* [INSTRUCTIONS TO FOLLOW] Copy, word for word, each line of the data below from the first through the line containing "E \<and> norm", and stop there.

[Saved entries]

(* Let $S$ be a state of a $d$-dimensional Hegselmann–Krause system with social network $G=(V,E)$ and confidence bound $\varepsilon>0$, and let $\lambda$ be the length of a longest edge of the influence network. Then $$\sum_{v\in V}|N_v|\,\|m_v\|_2\ \ge\ 2\lambda.$$
   Context: A $d$-dimensional Hegselmann–Krause system has a finite undirected graph $G=(V,E)$ (social network), a confidence bound $\varepsilon>0$, and a state given by positions $x_v\in\mathbb{R}^d$. In a state, $N_v=\{u:\{u,v\}\in E,\ \|x_u-x_v\|_2\le\varepsilon\}\cup\{v\}$ is the influencing neighborhood of $v$, $m_v=\frac{1}{|N_v|}\sum_{u\in N_v}(x_u-x_v)$ is its movement, the influence network is $(V,E_I)$ with $E_I=\{\{u,v\}\in E:\|x_u-x_v\|_2\le\varepsilon\}$, and the length of an edge $\{u,v\}$ is $\|x_u-x_v\|_2$. *)

theory Defs
  imports "HOL-Analysis.Analysis"
begin

definition graph :: "'v set \<Rightarrow> 'v set set \<Rightarrow> bool" where
  "graph V E \<longleftrightarrow> finite V \<and> (\<forall>e\<in>E. \<exists>u v. e = {u, v} \<and> u \<in> V \<and> v \<in> V \<and> u \<noteq> v)"

definition nbhd :: "'v set set \<Rightarrow> real \<Rightarrow> ('v \<Rightarrow> real^'d) \<Rightarrow> 'v \<Rightarrow> 'v set" where
  "nbhd E \<epsilon> x v = {u. {u, v} \<in> E \<and> norm (x u - x v) \<le> \<epsilon>} \<union> {v}"

definition movement :: "'v set set \<Rightarrow> real \<Rightarrow> ('v \<Rightarrow> real^'d) \<Rightarrow> 'v \<Rightarrow> real^'d" where
  "movement E \<epsilon> x v =
     (1 / real (card (nbhd E \<epsilon> x v))) *\<^sub>R (\<Sum>u\<in>nbhd E \<epsilon> x v. x u - x v)"

definition influence_edges :: "'v set set \<Rightarrow> real \<Rightarrow> ('v \<Rightarrow> real^'d) \<Rightarrow> 'v set set" where
  "influence_edges E \<epsilon> x = {e \<in> E. \<exists>u v. e = {u, v} \<and> norm (x u - x v) \<le> \<epsilon>}"

definition longest_influence_edge :: "'v set set \<Rightarrow> real \<Rightarrow> ('v \<Rightarrow> real^'d) \<Rightarrow> real" where
  "longest_influence_edge E \<epsilon> x =
     Max {norm (x u - x v) | u v. {u, v} \<in> influence_edges E \<epsilon> x}"

end

theory Submission
  imports Defs
begin

text \<open>Let \<open>{a, b}\<close> be any influence edge, \<open>w\<close> the unit vector from \<open>x\<^sub>a\<close> towards \<open>x\<^sub>b\<close>,
  and \<open>p v = w \<bullet> x\<^sub>v\<close>. Give each agent the sign \<open>s\<^sub>v = 1\<close> if \<open>p v \<le> p a\<close> and \<open>s\<^sub>v = -1\<close>
  otherwise. By Cauchy-Schwarz, \<open>|N\<^sub>v| \<parallel>m\<^sub>v\<parallel> \<ge> s\<^sub>v \<Sum>\<^sub>u\<^sub>\<in>\<^sub>N\<^sub>v (p u - p v)\<close>. Summing over the
  symmetric influence relation, every pair \<open>{u, v}\<close> contributes \<open>(s\<^sub>v - s\<^sub>u)(p u - p v) \<ge> 0\<close>,
  and the pair \<open>{a, b}\<close>, which crosses the threshold, contributes \<open>2 (p b - p a) = 2 \<parallel>x\<^sub>a - x\<^sub>b\<parallel>\<close>.\<close>

lemma scaled_inner_le_norm:
  fixes w z :: "'a::real_inner"
  assumes "norm w \<le> 1" and "\<bar>c\<bar> \<le> 1"
  shows "c * (w \<bullet> z) \<le> norm z"
proof -
  have "c * (w \<bullet> z) \<le> \<bar>c\<bar> * \<bar>w \<bullet> z\<bar>"
    by (metis abs_ge_self abs_mult)
  also have "\<dots> \<le> \<bar>w \<bullet> z\<bar>"
    using assms(2) by (simp add: mult_left_le_one_le)
  also have "\<dots> \<le> norm w * norm z"
    by (rule Cauchy_Schwarz_ineq2)
  also have "\<dots> \<le> norm z"
    using assms(1) by (simp add: mult_left_le_one_le)
  finally show ?thesis .
qed

lemma inner_sgn_self: "sgn z \<bullet> z = norm (z :: 'a::real_inner)"
  by (cases "z = 0") (simp_all add: sgn_div_norm power2_norm_eq_inner[symmetric] power2_eq_square)

lemma sum_sym_relation_ge_pair:
  fixes h :: "'a \<times> 'a \<Rightarrow> real"
  assumes "finite R" and "sym R" and "(a, b) \<in> R" and "a \<noteq> b"
    and pairs_nonneg: "\<And>u v. (u, v) \<in> R \<Longrightarrow> h (u, v) + h (v, u) \<ge> 0"
  shows "h (a, b) + h (b, a) \<le> (\<Sum>q\<in>R. h q)"
proof -
  define g where "g q = h q + h (prod.swap q)" for q
  have "prod.swap ` R = R"
    using \<open>sym R\<close> by (force dest: symD)
  then have "(\<Sum>q\<in>R. h (prod.swap q)) = (\<Sum>q\<in>R. h q)"
    using sum.reindex[of prod.swap R h] by simp
  then have sum_g: "(\<Sum>q\<in>R. g q) = 2 * (\<Sum>q\<in>R. h q)"
    by (simp add: g_def sum.distrib)
  have "2 * (h (a, b) + h (b, a)) = (\<Sum>q\<in>{(a, b), (b, a)}. g q)"
    using \<open>a \<noteq> b\<close> by (simp add: g_def)
  also have "\<dots> \<le> (\<Sum>q\<in>R. g q)"
    using assms by (intro sum_mono2) (auto simp: g_def dest: symD)
  finally show ?thesis
    unfolding sum_g by simp
qed

lemma sum_norm_local_sums_ge_edge:
  fixes y :: "'v \<Rightarrow> 'a::real_inner"
  assumes "finite V" and N_subset: "\<And>v. v \<in> V \<Longrightarrow> N v \<subseteq> V"
    and N_sym: "\<And>u v. u \<in> N v \<longleftrightarrow> v \<in> N u"
    and "a \<in> V" and "b \<in> N a"
  shows "2 * norm (y a - y b) \<le> (\<Sum>v\<in>V. norm (\<Sum>u\<in>N v. y u - y v))"
proof (cases "a = b")
  case True
  then show ?thesis
    by (simp add: sum_nonneg)
next
  case False
  define p where "p v = sgn (y b - y a) \<bullet> y v" for v
  define s :: "'v \<Rightarrow> real" where "s v = (if p v \<le> p a then 1 else -1)" for v
  define h where "h = (\<lambda>(v, u). s v * (p u - p v))"
  define R where "R = Sigma V N"
  have "finite R"
    unfolding R_def using \<open>finite V\<close> N_subset by (auto intro: finite_subset)
  have "sym R"
    unfolding R_def using N_subset N_sym by (auto intro!: symI)
  have p_ab: "p b - p a = norm (y a - y b)"
    unfolding p_def by (simp add: inner_diff_right[symmetric] inner_sgn_self norm_minus_commute)
  have "p a \<le> p b"
    using p_ab norm_ge_zero[of "y a - y b"] by linarith
  then have "2 * norm (y a - y b) = h (a, b) + h (b, a)"
    unfolding p_ab[symmetric] h_def s_def by (cases "p b \<le> p a") auto
  also have "\<dots> \<le> (\<Sum>q\<in>R. h q)"
  proof (rule sum_sym_relation_ge_pair[OF \<open>finite R\<close> \<open>sym R\<close> _ False])
    show "(a, b) \<in> R"
      unfolding R_def using \<open>a \<in> V\<close> \<open>b \<in> N a\<close> by simp
    show "h (u, v) + h (v, u) \<ge> 0" for u v
      unfolding h_def s_def by (auto simp: algebra_simps)
  qed
  also have "(\<Sum>q\<in>R. h q) = (\<Sum>v\<in>V. s v * (sgn (y b - y a) \<bullet> (\<Sum>u\<in>N v. y u - y v)))"
    unfolding R_def h_def p_def using \<open>finite V\<close> N_subset
    by (subst sum.Sigma[symmetric])
      (auto intro: finite_subset simp: sum_distrib_left inner_sum_right inner_diff_right)
  also have "\<dots> \<le> (\<Sum>v\<in>V. norm (\<Sum>u\<in>N v. y u - y v))"
    by (intro sum_mono scaled_inner_le_norm) (auto simp: norm_sgn s_def)
  finally show ?thesis .
qed

lemma graph_finite: "graph V E \<Longrightarrow> finite V"
  unfolding graph_def by blast

lemma graph_edge_vertices:
  assumes "graph V E" and "{u, v} \<in> E"
  shows "u \<in> V"
  using assms unfolding graph_def by (auto simp: doubleton_eq_iff)

lemma nbhd_subset:
  assumes "graph V E" and "v \<in> V"
  shows "nbhd E \<epsilon> x v \<subseteq> V"
  using assms graph_edge_vertices[OF \<open>graph V E\<close>] unfolding nbhd_def by auto

lemma nbhd_sym: "u \<in> nbhd E \<epsilon> x v \<longleftrightarrow> v \<in> nbhd E \<epsilon> x u"
  unfolding nbhd_def by (auto simp: insert_commute norm_minus_commute)

lemma influence_edge_in_nbhd:
  assumes "{a, b} \<in> influence_edges E \<epsilon> x"
  shows "b \<in> nbhd E \<epsilon> x a"
  using assms unfolding influence_edges_def nbhd_def
  by (auto simp: doubleton_eq_iff insert_commute norm_minus_commute)

text \<open>For an infinite neighbourhood both sides are \<open>0\<close>, as \<open>card\<close> and the sum then vanish.\<close>

lemma card_nbhd_mult_norm_movement:
  "real (card (nbhd E \<epsilon> x v)) * norm (movement E \<epsilon> x v) = norm (\<Sum>u\<in>nbhd E \<epsilon> x v. x u - x v)"
proof (cases "finite (nbhd E \<epsilon> x v)")
  case True
  moreover have "v \<in> nbhd E \<epsilon> x v"
    unfolding nbhd_def by simp
  ultimately have "card (nbhd E \<epsilon> x v) > 0"
    by (auto simp: card_gt_0_iff)
  then show ?thesis
    unfolding movement_def by simp
next
  case False
  then show ?thesis
    unfolding movement_def by simp
qed

lemma longest_influence_edge_attained:
  assumes "graph V E" and "influence_edges E \<epsilon> x \<noteq> {}"
  obtains a b where "{a, b} \<in> influence_edges E \<epsilon> x"
    and "longest_influence_edge E \<epsilon> x = norm (x a - x b)"
proof -
  define A where "A = {norm (x u - x v) | u v. {u, v} \<in> influence_edges E \<epsilon> x}"
  have "A \<subseteq> (\<lambda>(u, v). norm (x u - x v)) ` (V \<times> V)"
  proof
    fix r
    assume "r \<in> A"
    then obtain u v where "r = norm (x u - x v)" and "{u, v} \<in> E" and "{v, u} \<in> E"
      unfolding A_def influence_edges_def by (auto simp: insert_commute)
    then show "r \<in> (\<lambda>(u, v). norm (x u - x v)) ` (V \<times> V)"
      using graph_edge_vertices[OF \<open>graph V E\<close>] by force
  qed
  then have "finite A"
    using graph_finite[OF \<open>graph V E\<close>] by (meson finite_SigmaI finite_imageI finite_subset)
  moreover have "A \<noteq> {}"
    using assms(2) unfolding A_def influence_edges_def by blast
  ultimately have "Max A \<in> A"
    by (rule Max_in)
  then show ?thesis
    using that unfolding A_def longest_influence_edge_def by blast
qed

theorem corollary1:
  fixes V :: "'v set" and E :: "'v set set" and \<epsilon> :: real and x :: "'v \<Rightarrow> real^'d"
  assumes "graph V E" and "\<epsilon> > 0"
    and "influence_edges E \<epsilon> x \<noteq> {}"
  shows "(\<Sum>v\<in>V. real (card (nbhd E \<epsilon> x v)) * norm (movement E \<epsilon> x v))
           \<ge> 2 * longest_influence_edge E \<epsilon> x"
proof -
  obtain a b where ab: "{a, b} \<in> influence_edges E \<epsilon> x"
    and longest: "longest_influence_edge E \<epsilon> x = norm (x a - x b)"
    using longest_influence_edge_attained[OF assms(1,3)] .
  have "a \<in> V"
    using ab graph_edge_vertices[OF assms(1)] unfolding influence_edges_def by blast
  have "2 * norm (x a - x b) \<le> (\<Sum>v\<in>V. norm (\<Sum>u\<in>nbhd E \<epsilon> x v. x u - x v))"
    by (rule sum_norm_local_sums_ge_edge[OF graph_finite[OF assms(1)]
          nbhd_subset[OF assms(1)] nbhd_sym \<open>a \<in> V\<close> influence_edge_in_nbhd[OF ab]])
  then show ?thesis
    by (simp add: longest card_nbhd_mult_norm_movement)
qed

end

* [RESPONSE TO THIS TASK]
(* Let $S$ be a state of a $d$-dimensional Hegselmann–Krause system with social network $G=(V,E)$ and confidence bound $\varepsilon>0$, and let $\lambda$ be the length of a longest edge of the influence network. Then $$\sum_{v\in V}|N_v|\,\|m_v\|_2\ \ge\ 2\lambda.$$
   Context: A $d$-dimensional Hegselmann–Krause system has a finite undirected graph $G=(V,E)$ (social network), a confidence bound $\varepsilon>0$, and a state given by positions $x_v\in\mathbb{R}^d$. In a state, $N_v=\{u:\{u,v\}\in E,\ \|x_u-x_v\|_2\le\varepsilon\}\cup\{v\}$ is the influencing neighborhood of $v$, $m_v=\frac{1}{|N_v|}\sum_{u\in N_v}(x_u-x_v)$ is its movement, the influence network is $(V,E_I)$ with $E_I=\{\{u,v\}\in E:\|x_u-x_v\|_2\le\varepsilon\}$, and the length of an edge $\{u,v\}$ is $\|x_u-x_v\|_2$. *)

theory Defs
  imports "HOL-Analysis.Analysis"
begin

definition graph :: "'v set \<Rightarrow> 'v set set \<Rightarrow> bool" where
  "graph V E \<longleftrightarrow> finite V \<and> (\<forall>e\<in>E. \<exists>u v. e = {u, v} \<and> u \<in> V \<and> v \<in> V \<and> u \<noteq> v)"

definition nbhd :: "'v set set \<Rightarrow> real \<Rightarrow> ('v \<Rightarrow> real^'d) \<Rightarrow> 'v \<Rightarrow> 'v set" where
  "nbhd E \<epsilon> x v = {u. {u, v} \<in> E \<and> norm (x u - x v) \<le> \<epsilon>} \<union> {v}"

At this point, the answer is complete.